Once upon a time there were three pigs. The pigs were pissed off at the big bad retarded wolf that kept trying to eat them so they made a plan. One day early in the morning the three little pig’s built houses, the first piggy made his house out of chainsaws, the second piggy made his house out of knives, and the last piggy made his house out of glass bottles each filled with liquid nitrogen and acid. For the first and second piggy they put pads on the inside of the houses so not to get hurt and wore gloves so they wouldn't get hurt. The third piggy he also had pads inside of his home and had on gloves to protect himself. The next day the big bad retarded wolf walked to the three little pig’s house before he came there he met a fairy that gave him three lives. He stopped at the first house and just as he inhaled to blow down the first pig’s house a piece of chain from the chain sawed made house got stuck in throat. He started choking on it tipped forward bumping into the house, suddenly the chainsaws started up sawing him to pieces sending his guts everywhere. The first piggy in the house had set up a monitor so he saw what happened to the wolf and laughed his *** off.

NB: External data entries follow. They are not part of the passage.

lemma peak_fun_cis:
  assumes "cmod a = 1"
  shows "peak_fun a n (cis (Arg a + s)) = exp (of_nat n * (cis s - 1))"
proof -
  have "a \<noteq> 0" using assms by auto
  then have "cis (Arg a) = a" using assms by (simp add: cis_Arg Complex.sgn_eq)
  then have "cnj a * cis (Arg a + s) = cis s"
    by (metis add_minus_cancel cis_cnj cis_mult)
  then show ?thesis by (simp add: peak_fun_def)
qed

lemma peak_fun_in_bmoa_cont:
  assumes "cmod a = 1"
  shows "peak_fun a n \<in> bmoa_cont"
proof -
  have "arc_oscillation (peak_fun a n) b l \<le> 2" if "(b, l) \<in> arcs" for b l
    using that norm_peak_fun_le_1[OF assms]
    by (intro arc_oscillation_le_2 continuous_on_peak_fun) (auto simp: arcs_def)
  then show ?thesis
    unfolding bmoa_cont_def
    by (auto intro!: bdd_aboveI peak_fun_holomorphic_on continuous_on_peak_fun)
qed

lemma arc_oscillation_peak_fun_ge:
  assumes a: "cmod a = 1" and n: "n \<ge> 100" and l: "l = pi / real n"
  shows "1/12 \<le> arc_oscillation (peak_fun a n) (Arg a) l"
proof -
  from l n have l: "l > 0" "real n * l = pi" by simp_all
  let ?h = "\<lambda>t. peak_fun a n (cis t)"
  have h: "?h t = exp (of_nat n * (cis (t - Arg a) - 1))" for t
    using peak_fun_cis[OF a, of n "t - Arg a"] by simp
  have near_1: "cmod (?h t - 1) \<le> pi / 6" if "t \<in> {Arg a..Arg a + l/6}" for t
  proof -
    have "real n * \<bar>t - Arg a\<bar> \<le> real n * (l / 6)"
      using that by (intro mult_left_mono) auto
    then show ?thesis
      using norm_exp_scaled_cis_minus_1_sub_1_le[of n "t - Arg a"] l by (simp add: h)
  qed
  have near_minus_1: "cmod (?h t - (-1)) \<le> pi / 6 + 1 / 6" if "t \<in> {Arg a + l - l/6..Arg a + l}" for t
  proof -
    define s where "s = t - Arg a"
    have "real n * (5 * l / 6) \<le> real n * s" "real n * s \<le> real n * l"
      using that by (intro mult_left_mono; simp add: s_def)+
    then have ns: "5 * pi / 6 \<le> real n * s" "real n * s \<le> pi"
      using l by simp_all
    have "real n * s\<^sup>2 * real n = (real n * s)\<^sup>2" by (simp add: power2_eq_square)
    also have "\<dots> \<le> pi\<^sup>2" using ns pi_gt_zero by (intro power_mono) auto
    also have "\<dots> \<le> 1 / 6 * real n"
      using n pi_less_4 by (intro order_trans[OF power_mono[of pi 4]]) auto
    finally have "real n * s\<^sup>2 \<le> 1 / 6" by (rule mult_right_le_imp_le) (use n in auto)
    then show ?thesis
      using norm_exp_scaled_cis_minus_1_add_1_le[of n s] ns by (simp add: h s_def)
  qed
  have "l / 12 \<le> l / 6 * (cmod (1 - (-1::complex)) - pi / 6 - (pi / 6 + 1 / 6))"
  proof -
    have "1 / 2 \<le> cmod (1 - (-1::complex)) - pi / 6 - (pi / 6 + 1 / 6)" using pi_less_4 by simp
    from mult_left_mono[OF this, of "l / 6"] l show ?thesis by simp
  qed
  also have "\<dots> \<le> integral {Arg a..Arg a + l} (\<lambda>t. cmod (?h t - arc_mean (peak_fun a n) (Arg a) l))"
    using l near_1 near_minus_1
    by (intro integral_norm_diff_ge continuous_on_compose2[OF continuous_on_peak_fun continuous_on_cis]) auto
  finally show ?thesis using l by (simp add: arc_oscillation_def field_simps)
qed
(* Let $0<k<1$, $\gamma>0$, $\delta>1$, and $Z=\{(\tau,s)\in\mathcal C:g(\tau,s)=0\}$. (W) If $1<\delta<\Phi$ and $\gamma>\gamma_-(\delta)$, then $Z=\emptyset$. (X) If $1<\delta<\Phi$ and $\gamma_+(\delta)<\gamma<\gamma_-(\delta)$, then there are $0<\tau_1<\tau_2<1$ such that $Z\cap(\{\tau\}\times S^1)$ has exactly two points for $\tau\in(\tau_1,\tau_2)$, is the single point $(\tau,3\pi/2)$ for $\tau\in\{\tau_1,\tau_2\}$, and is empty otherwise; $(\tau_1,3\pi/2)$ is a supercritical and $(\tau_2,3\pi/2)$ a subcritical fold point; $Z$ is a simple closed curve that is contractible in $\mathcal C$. (Y) If $1<\delta<\Phi$ and $0<\gamma<\gamma_+(\delta)$, then there are $0<a_1<a_2<a_3<a_4<1$ such that $Z\cap(\{\tau\}\times S^1)$ has exactly two points for $\tau\in(a_1,a_2)\cup(a_3,a_4)$, is the single point $(a_1,3\pi/2)$, $(a_2,\pi/2)$, $(a_3,\pi/2)$, $(a_4,3\pi/2)$ for $\tau=a_1,a_2,a_3,a_4$ respectively, and is empty otherwise; these four points are fold points, supercritical at $a_1,a_3$ and subcritical at $a_2,a_4$; $Z$ is the union of two disjoint simple closed curves, each non-contractible in $\mathcal C$. (Z) If $\delta>\Phi$, then there are $0<b_1<b_2<1$ such that $Z\cap(\{\tau\}\times S^1)$ has exactly two points for $\tau\in(b_1,b_2)$, is the single point $(b_1,\pi/2)$, resp. $(b_2,3\pi/2)$, for $\tau=b_1$, resp. $b_2$, and is empty otherwise; $(b_1,\pi/2)$ is a supercritical and $(b_2,3\pi/2)$ a subcritical fold point; $Z$ is a simple closed curve non-contractible in $\mathcal C$.
   Context: Let $S^1=\mathbb R/2\pi\mathbb Z$ and $\mathcal C=\{(\tau,s):0<\tau\le1,\ s\in S^1\}$. Let $p(\delta)=-\delta^2+\delta+1$, $\Phi=(1+\sqrt5)/2$. For parameters $\delta>1$, $\gamma>0$, $k>0$ define $g:\mathcal C\to\mathbb R$, $g(\tau,s)=\tau^{\delta^2}+\gamma\tau^{\delta^2-\delta}(1+k\sin s)-\tau$; thus $g(\tau,s)=0$ iff $\gamma(1+k\sin s)=\mathcal F_\delta(\tau)$, where $\mathcal F_\delta(\tau)=\tau^{p(\delta)}-\tau^\delta$. For $1<\delta<\Phi$, $M_{\mathcal F}(\delta)=\max_{(0,1]}\mathcal F_\delta>0$, $\gamma_+(\delta)=M_{\mathcal F}(\delta)/(1+k)$ and (for $k<1$) $\gamma_-(\delta)=M_{\mathcal F}(\delta)/(1-k)$. A fold point is a point $(\tau_0,s_0)\in\mathcal C$ with $g(\tau_0,s_0)=0$ and $\partial g/\partial s(\tau_0,s_0)=0$. It is supercritical if there is a neighbourhood $U$ of $(\tau_0,s_0)$ such that for $\tau>\tau_0$ close to $\tau_0$ the set $\{s:(\tau,s)\in U,\ g(\tau,s)=0\}$ has exactly two elements, for $\tau=\tau_0$ exactly one, and for $\tau<\tau_0$ close to $\tau_0$ none; subcritical if the same holds with the roles of $\tau>\tau_0$ and $\tau<\tau_0$ interchanged. *)

theory Defs
  imports "HOL-Analysis.Analysis"
begin
lemma (in prob_space) nn_integral_truncated_eq_layer_cake:
  assumes [measurable]: "X \<in> borel_measurable M"
  shows "(\<integral>\<^sup>+\<omega>. ennreal (X \<omega>) * indicator {..t} (X \<omega>) \<partial>M) =
    (\<integral>\<^sup>+x. emeasure M {\<omega>\<in>space M. x < X \<omega> \<and> X \<omega> \<le> t} * indicator {0..} x \<partial>lborel)"
proof -
  define f :: "real \<Rightarrow> 'a \<Rightarrow> ennreal"
    where "f x \<omega> = indicator {0..} x * indicator {\<omega>. x < X \<omega> \<and> X \<omega> \<le> t} \<omega>" for x \<omega>
  interpret pair_sigma_finite lborel M ..
  have "case_prod f \<in> borel_measurable (lborel \<Otimes>\<^sub>M M)"
    unfolding f_def by measurable
  moreover have "(\<integral>\<^sup>+x. f x \<omega> \<partial>lborel) = ennreal (X \<omega>) * indicator {..t} (X \<omega>)" for \<omega>
  proof -
    have "f x \<omega> = indicator {..t} (X \<omega>) * indicator {0..<X \<omega>} x" for x
      by (auto simp: f_def split: split_indicator)
    then have "(\<integral>\<^sup>+x. f x \<omega> \<partial>lborel) = indicator {..t} (X \<omega>) * (\<integral>\<^sup>+x. indicator {0..<X \<omega>} x \<partial>lborel)"
      by (simp add: nn_integral_cmult)
    then show ?thesis
      by (cases "0 \<le> X \<omega>") (auto simp: ennreal_neg mult.commute)
  qed
  moreover have "(\<integral>\<^sup>+\<omega>. f x \<omega> \<partial>M) = emeasure M {\<omega>\<in>space M. x < X \<omega> \<and> X \<omega> \<le> t} * indicator {0..} x" for x
  proof -
    have "(\<integral>\<^sup>+\<omega>. f x \<omega> \<partial>M) = (\<integral>\<^sup>+\<omega>. indicator {0..} x * indicator {\<omega>\<in>space M. x < X \<omega> \<and> X \<omega> \<le> t} \<omega> \<partial>M)"
      by (intro nn_integral_cong) (auto simp: f_def split: split_indicator)
    then show ?thesis
      by (simp add: nn_integral_cmult mult.commute)
  qed
  ultimately show ?thesis
    using Fubini'[of f] by simp
qed

lemma nn_integral_hyperbolic_tail_diff:
  assumes c: "0 < c" and t: "0 \<le> t"
  shows "(\<integral>\<^sup>+x. ennreal (1 / (1 + c * x) - 1 / (1 + c * t)) * indicator {0..t} x \<partial>lborel) =
    ennreal (trunc_mean c t)"
proof -
  have "(\<integral>\<^sup>+x. ennreal (1 / (1 + c * x) - 1 / (1 + c * t)) * indicator {0..t} x \<partial>lborel) =
      ennreal ((ln (1 + c * t) / c - t / (1 + c * t)) - (ln (1 + c * 0) / c - 0 / (1 + c * t)))"
  proof (rule nn_integral_FTC_Icc)
    fix x assume x: "x \<in> {0..t}"
    then have pos: "0 < 1 + c * x" "0 < 1 + c * t"
      using c t by (simp_all add: add_pos_nonneg)
    have "((\<lambda>x. ln (1 + c * x) / c - x / (1 + c * t)) has_real_derivative
        (c / (1 + c * x)) / c - 1 / (1 + c * t)) (at x)"
      using pos by (auto intro!: derivative_eq_intros)
    then show "((\<lambda>x. ln (1 + c * x) / c - x / (1 + c * t)) has_real_derivative
        1 / (1 + c * x) - 1 / (1 + c * t)) (at x)"
      using c by simp
    have "1 + c * x \<le> 1 + c * t" using x c by (simp add: mult_left_mono)
    then show "0 \<le> 1 / (1 + c * x) - 1 / (1 + c * t)"
      using pos by (simp add: frac_le)
  qed (use t in auto)
  then show ?thesis by (simp add: trunc_mean_def)
qed

lemma (in prob_space) nn_integral_truncated_hyperbolic_tail:
  assumes c: "0 < c" and [measurable]: "X \<in> borel_measurable M"
    and tail: "\<And>x. 0 \<le> x \<Longrightarrow> measure M {\<omega>\<in>space M. X \<omega> > x} = 1 / (1 + c * x)"
    and t: "0 \<le> t"
  shows "(\<integral>\<^sup>+\<omega>. ennreal (X \<omega>) * indicator {..t} (X \<omega>) \<partial>M) = ennreal (trunc_mean c t)"
proof -
  have layer: "emeasure M {\<omega>\<in>space M. x < X \<omega> \<and> X \<omega> \<le> t} * indicator {0..} x =
      ennreal (1 / (1 + c * x) - 1 / (1 + c * t)) * indicator {0..t} x" for x
  proof (cases "0 \<le> x \<and> x \<le> t")
    case True
    have "{\<omega>\<in>space M. x < X \<omega> \<and> X \<omega> \<le> t} = {\<omega>\<in>space M. X \<omega> > x} - {\<omega>\<in>space M. X \<omega> > t}"
      by auto
    moreover have "measure M ({\<omega>\<in>space M. X \<omega> > x} - {\<omega>\<in>space M. X \<omega> > t}) =
        1 / (1 + c * x) - 1 / (1 + c * t)"
      using True tail[of x] tail[of t] by (subst finite_measure_Diff) auto
    ultimately show ?thesis
      using True by (simp add: emeasure_eq_measure)
  next
    case out: False
    show ?thesis
    proof (cases "0 \<le> x")
      case True
      with out have "{\<omega>\<in>space M. x < X \<omega> \<and> X \<omega> \<le> t} = {}" by auto
      then have "emeasure M {\<omega>\<in>space M. x < X \<omega> \<and> X \<omega> \<le> t} = 0"
        by (simp only: emeasure_empty)
      then show ?thesis using out by simp
    qed simp
  qed
  show ?thesis
    by (simp add: nn_integral_truncated_eq_layer_cake layer nn_integral_hyperbolic_tail_diff c t)
qed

The second day the wolf came back to life and went to the second house. Just as he was about to kick open the door the knives impaled him head to toe, then the second little piggy came out of his house and grabbed the knives that were impaled in the big bad retarded wolf and jerked them down up and around slicing open the big retarded wolfs body. Then on the third day the big bad retarded wolf went to the third pig’s houses tried to sneak into the window but then the wall collapsed on him. The third piggy designed the house so that if one wall collapsed the house would still stand; the shards were embedded in the big bad retarded wolfs fur. The acid burned away all the fur on his body. The liquid nitrogen froze the wolf’s body. All the three little pig’s came out of there houses and broke the wolfs body into ice pops the licked the ice of and ate what ever organ that was inside. They lived happily ever after. THE END.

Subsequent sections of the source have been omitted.